(* There is a constant $C_6>0$ depending only on $d,s,\alpha,\Lambda$ such that for every non-trivial $\Lambda$-good measure $\mu$ (and any admissible choice of $B',\eta$ in the definition of $\widetilde T_{\mu,\delta}(1)$), every $\delta>0$ and all $x,x'\in\mathbb{R}^d$, $$|\widetilde T_{\mu,\delta}(1)(x)-\widetilde T_{\mu,\delta}(1)(x')|\le\frac{C_6|x-x'|^\alpha}{\delta^\alpha}\max\Bigl(1,\frac{|x-x'|}{\delta}\Bigr)^{1-\alpha}.$$
   Context: Fix $d\ge2$, $d'\ge1$, $s\in(0,d)$, $\alpha\in(0,1]$; $\Omega:\mathbb{R}^d\to\mathbb{C}^{d'}$ with $\Omega(\lambda x)=\lambda\Omega(x)$ for $\lambda\in\mathbb{R}$, $|\Omega|\le1$ and $|\Omega(x)-\Omega(x')|\le|x-x'|^\alpha$ on the unit sphere, $\Omega$ odd; $K(x)=\Omega(x)/|x|^{s+1}$, $K_\delta(x)=\Omega(x)/\max(\delta,|x|)^{s+1}$. Measures are nonnegative locally finite Borel measures; $\langle f,g\rangle_\mu=\int f\cdot g\,d\mu$. $\mu$ is $\Lambda$-nice if $\mu(B(x,r))\le\Lambda r^s$ for all balls; $T_{\mu,\delta}f(x)=\int K_\delta(x-y)f(y)d\mu(y)$; $\mu$ is $\Lambda$-good if $\Lambda$-nice and $\|T_{\mu,\delta}\|_{L^2(\mu)\to L^2(\mu)}\le\Lambda$ for all $\delta$, and $T_\mu$ is the bounded operator with $\langle T_\mu f,g\rangle_\mu=\lim_{\delta\to0}\langle T_{\mu,\delta}f,g\rangle_\mu$. For non-trivial $\Lambda$-good $\mu$: fix a ball $B'$ with $\mu(B')>0$ and nonnegative Lipschitz $\eta$ compactly supported in $B'$ with $\int\eta d\mu=1$; for $x\in\mathbb{R}^d$, $\delta>0$, pick a ball $B$ containing $x$ and $B'$ and compactly supported $\varphi\in L^2(\mu)$ with $\varphi\equiv1$ on $2B$, $0\le\varphi\le1$, and set $\widetilde T_{\mu,\delta}(1)(x)=T_{\mu,\delta}(\varphi)(x)-\int\eta\,T_\mu(\varphi)d\mu+\int(1-\varphi(y))\int\eta(z)[K_\delta(x-y)-K(z-y)]d\mu(z)d\mu(y)$ (independent of $B,\varphi$). *)

theory Defs
  imports "HOL-Analysis.Analysis"
begin

definition omega_adm :: "real \<Rightarrow> (real^'n \<Rightarrow> complex^'m) \<Rightarrow> bool" where
  "omega_adm \<alpha> \<Omega> \<longleftrightarrow>
     (\<forall>c::real. \<forall>x. \<Omega> (c *\<^sub>R x) = c *\<^sub>R \<Omega> x) \<and>
     (\<forall>x. \<Omega> (- x) = - \<Omega> x) \<and>
     (\<forall>x. norm x = 1 \<longrightarrow> norm (\<Omega> x) \<le> 1) \<and>
     (\<forall>x y. norm x = 1 \<longrightarrow> norm y = 1 \<longrightarrow> norm (\<Omega> x - \<Omega> y) \<le> norm (x - y) powr \<alpha>)"

definition Ker :: "(real^'n \<Rightarrow> complex^'m) \<Rightarrow> real \<Rightarrow> real^'n \<Rightarrow> complex^'m" where
  "Ker \<Omega> s x = (1 / (norm x powr (s + 1))) *\<^sub>R \<Omega> x"

definition Kd :: "(real^'n \<Rightarrow> complex^'m) \<Rightarrow> real \<Rightarrow> real \<Rightarrow> real^'n \<Rightarrow> complex^'m" where
  "Kd \<Omega> s \<delta> x = (1 / (max \<delta> (norm x) powr (s + 1))) *\<^sub>R \<Omega> x"

definition Tdelta :: "(real^'n \<Rightarrow> complex^'m) \<Rightarrow> real \<Rightarrow> (real^'n) measure \<Rightarrow> real
                        \<Rightarrow> (real^'n \<Rightarrow> complex) \<Rightarrow> real^'n \<Rightarrow> complex^'m" where
  "Tdelta \<Omega> s \<mu> \<delta> f x = integral\<^sup>L \<mu> (\<lambda>y. \<chi> i. f y * (Kd \<Omega> s \<delta> (x - y) $ i))"

definition nice :: "real \<Rightarrow> real \<Rightarrow> (real^'n) measure \<Rightarrow> bool" where
  "nice s \<Lambda> \<mu> \<longleftrightarrow> sets \<mu> = sets borel \<and>
     (\<forall>x r. r > 0 \<longrightarrow> emeasure \<mu> (ball x r) \<le> ennreal (\<Lambda> * r powr s))"

definition good :: "(real^'n \<Rightarrow> complex^'m) \<Rightarrow> real \<Rightarrow> real \<Rightarrow> (real^'n) measure \<Rightarrow> bool" where
  "good \<Omega> s \<Lambda> \<mu> \<longleftrightarrow> nice s \<Lambda> \<mu> \<and>
     (\<forall>\<delta>>0. \<forall>f::real^'n \<Rightarrow> complex. f \<in> borel_measurable \<mu> \<longrightarrow>
        (\<integral>\<^sup>+ y. ennreal ((norm (f y))\<^sup>2) \<partial>\<mu>) < \<infinity> \<longrightarrow>
        (\<integral>\<^sup>+ x. ennreal ((norm (Tdelta \<Omega> s \<mu> \<delta> f x))\<^sup>2) \<partial>\<mu>)
          \<le> ennreal (\<Lambda>\<^sup>2) * (\<integral>\<^sup>+ y. ennreal ((norm (f y))\<^sup>2) \<partial>\<mu>))"

definition eta_adm :: "(real^'n) measure \<Rightarrow> (real^'n) set \<Rightarrow> (real^'n \<Rightarrow> real) \<Rightarrow> bool" where
  "eta_adm \<mu> B' \<eta> \<longleftrightarrow> (\<exists>c r. r > 0 \<and> B' = ball c r) \<and> emeasure \<mu> B' > 0 \<and>
     (\<forall>z. 0 \<le> \<eta> z) \<and> (\<exists>L. L-lipschitz_on UNIV \<eta>) \<and>
     compact (closure {z. \<eta> z \<noteq> 0}) \<and> closure {z. \<eta> z \<noteq> 0} \<subseteq> B' \<and>
     integral\<^sup>L \<mu> \<eta> = 1"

### WORK REQUEST
The records above need copying. Do it exactly.

### ANSWER SECTION
(* There is a constant $C_6>0$ depending only on $d,s,\alpha,\Lambda$ such that for every non-trivial $\Lambda$-good measure $\mu$ (and any admissible choice of $B',\eta$ in the definition of $\widetilde T_{\mu,\delta}(1)$), every $\delta>0$ and all $x,x'\in\mathbb{R}^d$, $$|\widetilde T_{\mu,\delta}(1)(x)-\widetilde T_{\mu,\delta}(1)(x')|\le\frac{C_6|x-x'|^\alpha}{\delta^\alpha}\max\Bigl(1,\frac{|x-x'|}{\delta}\Bigr)^{1-\alpha}.$$
   Context: Fix $d\ge2$, $d'\ge1$, $s\in(0,d)$, $\alpha\in(0,1]$; $\Omega:\mathbb{R}^d\to\mathbb{C}^{d'}$ with $\Omega(\lambda x)=\lambda\Omega(x)$ for $\lambda\in\mathbb{R}$, $|\Omega|\le1$ and $|\Omega(x)-\Omega(x')|\le|x-x'|^\alpha$ on the unit sphere, $\Omega$ odd; $K(x)=\Omega(x)/|x|^{s+1}$, $K_\delta(x)=\Omega(x)/\max(\delta,|x|)^{s+1}$. Measures are nonnegative locally finite Borel measures; $\langle f,g\rangle_\mu=\int f\cdot g\,d\mu$. $\mu$ is $\Lambda$-nice if $\mu(B(x,r))\le\Lambda r^s$ for all balls; $T_{\mu,\delta}f(x)=\int K_\delta(x-y)f(y)d\mu(y)$; $\mu$ is $\Lambda$-good if $\Lambda$-nice and $\|T_{\mu,\delta}\|_{L^2(\mu)\to L^2(\mu)}\le\Lambda$ for all $\delta$, and $T_\mu$ is the bounded operator with $\langle T_\mu f,g\rangle_\mu=\lim_{\delta\to0}\langle T_{\mu,\delta}f,g\rangle_\mu$. For non-trivial $\Lambda$-good $\mu$: fix a ball $B'$ with $\mu(B')>0$ and nonnegative Lipschitz $\eta$ compactly supported in $B'$ with $\int\eta d\mu=1$; for $x\in\mathbb{R}^d$, $\delta>0$, pick a ball $B$ containing $x$ and $B'$ and compactly supported $\varphi\in L^2(\mu)$ with $\varphi\equiv1$ on $2B$, $0\le\varphi\le1$, and set $\widetilde T_{\mu,\delta}(1)(x)=T_{\mu,\delta}(\varphi)(x)-\int\eta\,T_\mu(\varphi)d\mu+\int(1-\varphi(y))\int\eta(z)[K_\delta(x-y)-K(z-y)]d\mu(z)d\mu(y)$ (independent of $B,\varphi$). *)

theory Defs
  imports "HOL-Analysis.Analysis"
begin

definition omega_adm :: "real \<Rightarrow> (real^'n \<Rightarrow> complex^'m) \<Rightarrow> bool" where
  "omega_adm \<alpha> \<Omega> \<longleftrightarrow>
     (\<forall>c::real. \<forall>x. \<Omega> (c *\<^sub>R x) = c *\<^sub>R \<Omega> x) \<and>
     (\<forall>x. \<Omega> (- x) = - \<Omega> x) \<and>
     (\<forall>x. norm x = 1 \<longrightarrow> norm (\<Omega> x) \<le> 1) \<and>
     (\<forall>x y. norm x = 1 \<longrightarrow> norm y = 1 \<longrightarrow> norm (\<Omega> x - \<Omega> y) \<le> norm (x - y) powr \<alpha>)"

definition Ker :: "(real^'n \<Rightarrow> complex^'m) \<Rightarrow> real \<Rightarrow> real^'n \<Rightarrow> complex^'m" where
  "Ker \<Omega> s x = (1 / (norm x powr (s + 1))) *\<^sub>R \<Omega> x"

definition Kd :: "(real^'n \<Rightarrow> complex^'m) \<Rightarrow> real \<Rightarrow> real \<Rightarrow> real^'n \<Rightarrow> complex^'m" where
  "Kd \<Omega> s \<delta> x = (1 / (max \<delta> (norm x) powr (s + 1))) *\<^sub>R \<Omega> x"

definition Tdelta :: "(real^'n \<Rightarrow> complex^'m) \<Rightarrow> real \<Rightarrow> (real^'n) measure \<Rightarrow> real
                        \<Rightarrow> (real^'n \<Rightarrow> complex) \<Rightarrow> real^'n \<Rightarrow> complex^'m" where
  "Tdelta \<Omega> s \<mu> \<delta> f x = integral\<^sup>L \<mu> (\<lambda>y. \<chi> i. f y * (Kd \<Omega> s \<delta> (x - y) $ i))"

definition nice :: "real \<Rightarrow> real \<Rightarrow> (real^'n) measure \<Rightarrow> bool" where
  "nice s \<Lambda> \<mu> \<longleftrightarrow> sets \<mu> = sets borel \<and>
     (\<forall>x r. r > 0 \<longrightarrow> emeasure \<mu> (ball x r) \<le> ennreal (\<Lambda> * r powr s))"

definition good :: "(real^'n \<Rightarrow> complex^'m) \<Rightarrow> real \<Rightarrow> real \<Rightarrow> (real^'n) measure \<Rightarrow> bool" where
  "good \<Omega> s \<Lambda> \<mu> \<longleftrightarrow> nice s \<Lambda> \<mu> \<and>
     (\<forall>\<delta>>0. \<forall>f::real^'n \<Rightarrow> complex. f \<in> borel_measurable \<mu> \<longrightarrow>
        (\<integral>\<^sup>+ y. ennreal ((norm (f y))\<^sup>2) \<partial>\<mu>) < \<infinity> \<longrightarrow>
        (\<integral>\<^sup>+ x. ennreal ((norm (Tdelta \<Omega> s \<mu> \<delta> f x))\<^sup>2) \<partial>\<mu>)
          \<le> ennreal (\<Lambda>\<^sup>2) * (\<integral>\<^sup>+ y. ennreal ((norm (f y))\<^sup>2) \<partial>\<mu>))"

definition eta_adm :: "(real^'n) measure \<Rightarrow> (real^'n) set \<Rightarrow> (real^'n \<Rightarrow> real) \<Rightarrow> bool" where
  "eta_adm \<mu> B' \<eta> \<longleftrightarrow> (\<exists>c r. r > 0 \<and> B' = ball c r) \<and> emeasure \<mu> B' > 0 \<and>
     (\<forall>z. 0 \<le> \<eta> z) \<and> (\<exists>L. L-lipschitz_on UNIV \<eta>) \<and>
     compact (closure {z. \<eta> z \<noteq> 0}) \<and> closure {z. \<eta> z \<noteq> 0} \<subseteq> B' \<and>
     integral\<^sup>L \<mu> \<eta> = 1"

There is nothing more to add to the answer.